[INFORMATION SHOWN]
(* Let $G$ be a countable discrete group acting amenably by homeomorphisms on the Cantor space $D^{\aleph_0}=\{0,1\}^{\mathbb N}$. Then there exists a sequence of continuous maps $b^n\colon D^{\aleph_0}\to\mathbb P(G)$, each with finite image, such that for every $g\in G$, $\lim_{n\to\infty}\sup_{x\in D^{\aleph_0}}\|g b^n_x-b^n_{gx}\|_1=0$.
   Context: $\mathbb P(G)=\{b\colon G\to[0,1] : \sum_{g}b(g)=1\}\subset\ell^1(G)$ with the weak* topology and action $(gb)(h)=b(g^{-1}h)$. An action of $G$ on a compact space $X$ is amenable if there is a sequence of continuous maps $b^n\colon X\to\mathbb P(G)$ such that for every $g\in G$, $\lim_{n}\sup_{x\in X}\|g b^n_x-b^n_{gx}\|_1=0$. *)

theory Defs
  imports "HOL-Analysis.Analysis" "HOL-Algebra.Group_Action"
begin

text \<open>Cantor space: nat => bool with the product topology of discrete bool.\<close>
type_synonym cantor = "nat \<Rightarrow> bool"

definition prob_vec :: "('g, 'b) monoid_scheme \<Rightarrow> ('g \<Rightarrow> real) \<Rightarrow> bool" where
  "prob_vec G b \<longleftrightarrow> (\<forall>g\<in>carrier G. 0 \<le> b g \<and> b g \<le> 1) \<and> (\<forall>g. g \<notin> carrier G \<longrightarrow> b g = 0)
     \<and> (b has_sum 1) (carrier G)"

text \<open>c_0(G): functions vanishing at infinity (the predual of l^1(G)).\<close>
definition c0_fun :: "('g, 'b) monoid_scheme \<Rightarrow> ('g \<Rightarrow> real) \<Rightarrow> bool" where
  "c0_fun G \<phi> \<longleftrightarrow> (\<forall>e>0. finite {g\<in>carrier G. \<bar>\<phi> g\<bar> \<ge> e})"
(* Suppose there exists a positive integer $n$ such that $[n]$ admits no $3$-good partition, and let $n$ be the smallest such integer. Then $n\ge 845$, and $n$ belongs to the set $$N_o=\{n: n\equiv 2 \pmod 3\}\cap\{n : 3^t+1<n<(3^{t+1}+1)/2 \text{ for some integer } t\ge 4\}.$$
   Context: A partition of $[n]=\{1,\dots,n\}$ into nonempty parts is called $3$-good if every part has at most $3$ elements and the sum of the elements of every part is a power of $3$, i.e. equals $3^s$ for some integer $s\ge 0$ (so the singleton $\{1\}$ is allowed). The bound $n\ge 845$ rests on a computer verification that $[n]$ admits a $3$-good partition for all $n\le 844$. *)

theory Defs
  imports Main "HOL-Library.Disjoint_Sets"
begin

definition three_good :: "nat \<Rightarrow> nat set set \<Rightarrow> bool" where
  "three_good n P \<longleftrightarrow> partition_on {1..n} P \<and>
     (\<forall>B\<in>P. card B \<le> 3 \<and> (\<exists>s::nat. \<Sum>B = 3 ^ s))"

definition admits_three_good :: "nat \<Rightarrow> bool" where
  "admits_three_good n \<longleftrightarrow> (\<exists>P. three_good n P)"

end

theory Submission
  imports Defs
begin
(* For all $n\ge1$, $a_{\{0101,0102\}}(n)=a_{\{0101,0121\}}(n)=F_{2n-1}$, where $F_1=F_2=1$ and $F_k=F_{k-1}+F_{k-2}$ for $k\ge3$ are the Fibonacci numbers.
   Context: An ascent in an integer sequence $s_1\cdots s_m$ is an index $j$ with $s_j<s_{j+1}$; $\mathrm{asc}$ denotes the number of ascents. An ascent sequence is a sequence $x_1\cdots x_n$ of nonnegative integers with $x_1=0$ and $x_i\le 1+\mathrm{asc}(x_1\cdots x_{i-1})$ for all $i\ge2$. The reduction $\mathrm{red}(w)$ of an integer sequence $w$ replaces the $i$-th smallest distinct letter of $w$ by $i-1$; a pattern is a reduced sequence. A sequence $x$ contains a pattern $p=p_1\cdots p_k$ if there are indices $i_1<\cdots<i_k$ with $\mathrm{red}(x_{i_1}\cdots x_{i_k})=p$; otherwise $x$ avoids $p$. For a finite set $P$ of patterns, $a_P(n)$ denotes the number of ascent sequences of length $n$ avoiding every pattern in $P$. *)

theory Defs
  imports Main "HOL-Number_Theory.Fib"
begin

definition asc :: "nat list \<Rightarrow> nat" where
  "asc s = card {j. Suc j < length s \<and> s ! j < s ! Suc j}"

definition ascent_seq :: "nat list \<Rightarrow> bool" where
  "ascent_seq x \<longleftrightarrow> x \<noteq> [] \<and> x ! 0 = 0 \<and>
     (\<forall>i. 0 < i \<and> i < length x \<longrightarrow> x ! i \<le> 1 + asc (take i x))"

(* reduction: the i-th smallest distinct letter is replaced by i-1 *)
definition red :: "nat list \<Rightarrow> nat list" where
  "red w = map (\<lambda>a. card {b \<in> set w. b < a}) w"

definition contains :: "nat list \<Rightarrow> nat list \<Rightarrow> bool" where
  "contains x p \<longleftrightarrow> (\<exists>I. red (nths x I) = p)"

definition avoids :: "nat list \<Rightarrow> nat list \<Rightarrow> bool" where
  "avoids x p \<longleftrightarrow> \<not> contains x p"

definition a_P :: "nat list set \<Rightarrow> nat \<Rightarrow> nat" where
  "a_P P n = card {x. ascent_seq x \<and> length x = n \<and> (\<forall>p\<in>P. avoids x p)}"

end

theory Submission
  imports Defs "HOL-Library.Sublist"
begin

(* An ascent sequence avoids 0101 and
   0102 iff it climbs from 0 in steps of at most one and never increases again after its
   first descent; it avoids 0101 and 0121 iff every new letter is 0, a repetition of the last
   letter, or a new maximum. In both classes the number of ascents equals the maximum, so
   the ascent condition holds automatically.
   Counting the second class by whether the last letter is 0 gives s' = 2 s + p, p' = s + p.
   A sequence of the first class is 0 followed either by a sequence of the class or by a
   shifted one padded with zeros, which gives a' = a + b, b' = b + a'. Both systems are
   solved by consecutive Fibonacci numbers. *)

lemma set_mono_subseq: "subseq xs ys \<Longrightarrow> set xs \<subseteq> set ys"
  by (auto simp: subseq_conv_nths dest: in_set_nthsD)

lemma sorted_subseq: "subseq xs ys \<Longrightarrow> sorted ys \<Longrightarrow> sorted xs"
  by (auto simp: subseq_conv_nths sorted_nths)

lemma subseq_snoc_iff:
  "subseq (xs @ [c]) (ys @ [v]) \<longleftrightarrow> subseq (xs @ [c]) ys \<or> c = v \<and> subseq xs ys"
proof
  assume "subseq (xs @ [c]) (ys @ [v])"
  then obtain zs zs' where "xs @ [c] = zs @ zs'" "subseq zs ys" "subseq zs' [v]"
    by (rule subseq_appendE)
  moreover have "zs' = [] \<or> zs' = [v]"
    using \<open>subseq zs' [v]\<close> by (cases zs') (auto split: if_splits dest: list_emb_Nil2)
  ultimately show "subseq (xs @ [c]) ys \<or> c = v \<and> subseq xs ys" by auto
qed (auto intro: subseq_rev_drop_many)

lemma sorted_Max_eq_last: "sorted xs \<Longrightarrow> xs \<noteq> [] \<Longrightarrow> Max (set xs) = last xs"
  by (induction xs rule: rev_induct) (auto simp: sorted_append intro!: Max_eqI)

lemma sorted_snoc_last:
  assumes "sorted y" "y \<noteq> []" "last y \<le> v"
  shows "sorted (y @ [v])"
proof -
  have "u \<le> v" if "u \<in> set y" for u
    using that Max_ge[of "set y" u] sorted_Max_eq_last[OF assms(1,2)] assms(3) by simp
  then show ?thesis using assms(1) by (simp add: sorted_append)
qed

lemma sorted_no_aba: "sorted y \<Longrightarrow> a < b \<Longrightarrow> \<not> subseq [a, b, a] y"
  using sorted_subseq[of "[a, b, a]" y] by auto

section \<open>Reduction and pattern containment\<close>

lemma nth_red: "i < length w \<Longrightarrow> red w ! i = card {b \<in> set w. b < w ! i}"
  by (simp add: red_def)

lemma nth_red_less_iff:
  assumes "i < length w" "j < length w"
  shows "red w ! i < red w ! j \<longleftrightarrow> w ! i < w ! j"
proof
  assume "w ! i < w ! j"
  then have "{b \<in> set w. b < w ! i} \<subset> {b \<in> set w. b < w ! j}"
    using nth_mem[OF assms(1)] by auto
  then show "red w ! i < red w ! j"
    using assms by (simp add: nth_red psubset_card_mono)
next
  assume less: "red w ! i < red w ! j"
  show "w ! i < w ! j"
  proof (rule ccontr)
    assume "\<not> w ! i < w ! j"
    then have "{b \<in> set w. b < w ! j} \<subseteq> {b \<in> set w. b < w ! i}" by auto
    then have "red w ! j \<le> red w ! i" using assms by (simp add: nth_red card_mono)
    with less show False by simp
  qed
qed

lemma red_map_strict_mono:
  assumes "strict_mono_on (set p) f"
  shows "red (map f p) = red p"
proof -
  have "card {b \<in> f ` set p. b < f a} = card {b \<in> set p. b < a}" if "a \<in> set p" for a
  proof -
    have "{b \<in> f ` set p. b < f a} = f ` {b \<in> set p. b < a}"
      using strict_mono_on_less[OF assms _ that] by auto
    moreover have "inj_on f {b \<in> set p. b < a}"
      using strict_mono_on_imp_inj_on[OF assms] by (rule inj_on_subset) auto
    ultimately show ?thesis by (simp add: card_image)
  qed
  then show ?thesis by (simp add: red_def)
qed

lemma red_id:
  assumes "set p = {..<k}"
  shows "red p = p"
proof -
  have "{b \<in> set p. b < a} = {..<a}" if "a \<in> set p" for a
    using that unfolding assms by auto
  then show ?thesis by (simp add: red_def map_idI)
qed

lemma red_map_nth:
  assumes "sorted_wrt (<) vs" "set p = {..<length vs}"
  shows "red (map ((!) vs) p) = p"
proof -
  have "strict_mono_on (set p) ((!) vs)"
    using assms by (auto intro!: strict_mono_onI simp: sorted_wrt_iff_nth_less)
  then show ?thesis using assms(2) by (simp add: red_map_strict_mono red_id)
qed

lemma length_red [simp]: "length (red w) = length w"
  by (simp add: red_def)

lemma red_eq_imp_nth_less_iff:
  assumes "red w = p" "i < length p" "j < length p"
  shows "w ! i < w ! j \<longleftrightarrow> p ! i < p ! j"
  using assms nth_red_less_iff[of i w j] by auto

lemma red_eq_imp_nth_eq_iff:
  assumes "red w = p" "i < length p" "j < length p"
  shows "w ! i = w ! j \<longleftrightarrow> p ! i = p ! j"
  using red_eq_imp_nth_less_iff[OF assms] red_eq_imp_nth_less_iff[OF assms(1,3,2)] by auto

lemma red_eq_length4:
  assumes "red w = [p0, p1, p2, p3]"
  obtains a b c d where "w = [a, b, c, d]"
  using arg_cong[OF assms, of length] by (auto simp: length_Suc_conv numeral_eq_Suc)

lemma contains_iff_subseq: "contains x p \<longleftrightarrow> (\<exists>w. subseq w x \<and> red w = p)"
  unfolding contains_def subseq_conv_nths by metis

lemma contains_0101_iff: "contains x [0,1,0,1] \<longleftrightarrow> (\<exists>a b. a < b \<and> subseq [a,b,a,b] x)"
proof
  assume "contains x [0,1,0,1]"
  then obtain w where sub: "subseq w x" and red: "red w = [0,1,0,1]"
    by (auto simp: contains_iff_subseq)
  obtain a b c d where w: "w = [a,b,c,d]" by (rule red_eq_length4[OF red])
  have "a < b" "c = a" "d = b"
    using red_eq_imp_nth_less_iff[OF red, of 0 1] red_eq_imp_nth_eq_iff[OF red, of 2 0]
      red_eq_imp_nth_eq_iff[OF red, of 3 1] w by simp_all
  then show "\<exists>a b. a < b \<and> subseq [a,b,a,b] x" using sub w by blast
next
  assume "\<exists>a b. a < b \<and> subseq [a,b,a,b] x"
  then obtain a b where "a < b" "subseq [a,b,a,b] x" by blast
  moreover have "red (map ((!) [a,b]) [0,1,0,1]) = [0,1,0,1]"
    using \<open>a < b\<close> by (intro red_map_nth) auto
  ultimately show "contains x [0,1,0,1]" by (auto simp: contains_iff_subseq)
qed

lemma contains_0102_iff:
  "contains x [0,1,0,2] \<longleftrightarrow> (\<exists>a b c. a < b \<and> b < c \<and> subseq [a,b,a,c] x)"
proof
  assume "contains x [0,1,0,2]"
  then obtain w where sub: "subseq w x" and red: "red w = [0,1,0,2]"
    by (auto simp: contains_iff_subseq)
  obtain a b c d where w: "w = [a,b,c,d]" by (rule red_eq_length4[OF red])
  have "a < b" "c = a" "b < d"
    using red_eq_imp_nth_less_iff[OF red, of 0 1] red_eq_imp_nth_eq_iff[OF red, of 2 0]
      red_eq_imp_nth_less_iff[OF red, of 1 3] w by simp_all
  then show "\<exists>a b c. a < b \<and> b < c \<and> subseq [a,b,a,c] x" using sub w by blast
next
  assume "\<exists>a b c. a < b \<and> b < c \<and> subseq [a,b,a,c] x"
  then obtain a b c where "a < b" "b < c" "subseq [a,b,a,c] x" by blast
  moreover have "red (map ((!) [a,b,c]) [0,1,0,2]) = [0,1,0,2]"
    using \<open>a < b\<close> \<open>b < c\<close> by (intro red_map_nth) (auto simp: lessThan_nat_numeral)
  ultimately show "contains x [0,1,0,2]" by (auto simp: contains_iff_subseq)
qed

lemma contains_0121_iff:
  "contains x [0,1,2,1] \<longleftrightarrow> (\<exists>a b c. a < b \<and> b < c \<and> subseq [a,b,c,b] x)"
proof
  assume "contains x [0,1,2,1]"
  then obtain w where sub: "subseq w x" and red: "red w = [0,1,2,1]"
    by (auto simp: contains_iff_subseq)
  obtain a b c d where w: "w = [a,b,c,d]" by (rule red_eq_length4[OF red])
  have "a < b" "b < c" "d = b"
    using red_eq_imp_nth_less_iff[OF red, of 0 1] red_eq_imp_nth_less_iff[OF red, of 1 2]
      red_eq_imp_nth_eq_iff[OF red, of 3 1] w by simp_all
  then show "\<exists>a b c. a < b \<and> b < c \<and> subseq [a,b,c,b] x" using sub w by blast
next
  assume "\<exists>a b c. a < b \<and> b < c \<and> subseq [a,b,c,b] x"
  then obtain a b c where "a < b" "b < c" "subseq [a,b,c,b] x" by blast
  moreover have "red (map ((!) [a,b,c]) [0,1,2,1]) = [0,1,2,1]"
    using \<open>a < b\<close> \<open>b < c\<close> by (intro red_map_nth) (auto simp: lessThan_nat_numeral)
  ultimately show "contains x [0,1,2,1]" by (auto simp: contains_iff_subseq)
qed

lemma asc_snoc:
  assumes "y \<noteq> []"
  shows "asc (y @ [v]) = asc y + (if last y < v then 1 else 0)"
proof -
  let ?S = "{j. Suc j < length y \<and> y ! j < y ! Suc j}"
  let ?S' = "{j. Suc j < length (y @ [v]) \<and> (y @ [v]) ! j < (y @ [v]) ! Suc j}"
  have "?S' = ?S \<union> (if last y < v then {length y - 1} else {})"
  proof (rule set_eqI)
    fix j
    consider "Suc j < length y" | "Suc j = length y" | "length y < Suc j" by linarith
    then show "j \<in> ?S' \<longleftrightarrow> j \<in> ?S \<union> (if last y < v then {length y - 1} else {})"
    proof cases
      case 2
      then have "y ! j = last y" using assms by (simp add: last_conv_nth flip: 2)
      with 2 show ?thesis by (auto simp: nth_append)
    qed (use assms in \<open>auto simp: nth_append neq_Nil_conv\<close>)
  qed
  moreover have "finite ?S" by (rule finite_subset[of _ "{..<length y}"]) auto
  moreover have "length y - 1 \<notin> ?S" by auto
  ultimately show ?thesis by (simp add: asc_def)
qed

lemma asc_le_length: "asc s \<le> length s - 1"
proof -
  have "asc s \<le> card {..<length s - 1}"
    unfolding asc_def by (rule card_mono) auto
  then show ?thesis by simp
qed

[WORK TASK]
All lines in the data that contain the word "carrier" should be copied.

[ANSWER BELOW]
  "prob_vec G b \<longleftrightarrow> (\<forall>g\<in>carrier G. 0 \<le> b g \<and> b g \<le> 1) \<and> (\<forall>g. g \<notin> carrier G \<longrightarrow> b g = 0)
     \<and> (b has_sum 1) (carrier G)"
  "c0_fun G \<phi> \<longleftrightarrow> (\<forall>e>0. finite {g\<in>carrier G. \<bar>\<phi> g\<bar> \<ge> e})"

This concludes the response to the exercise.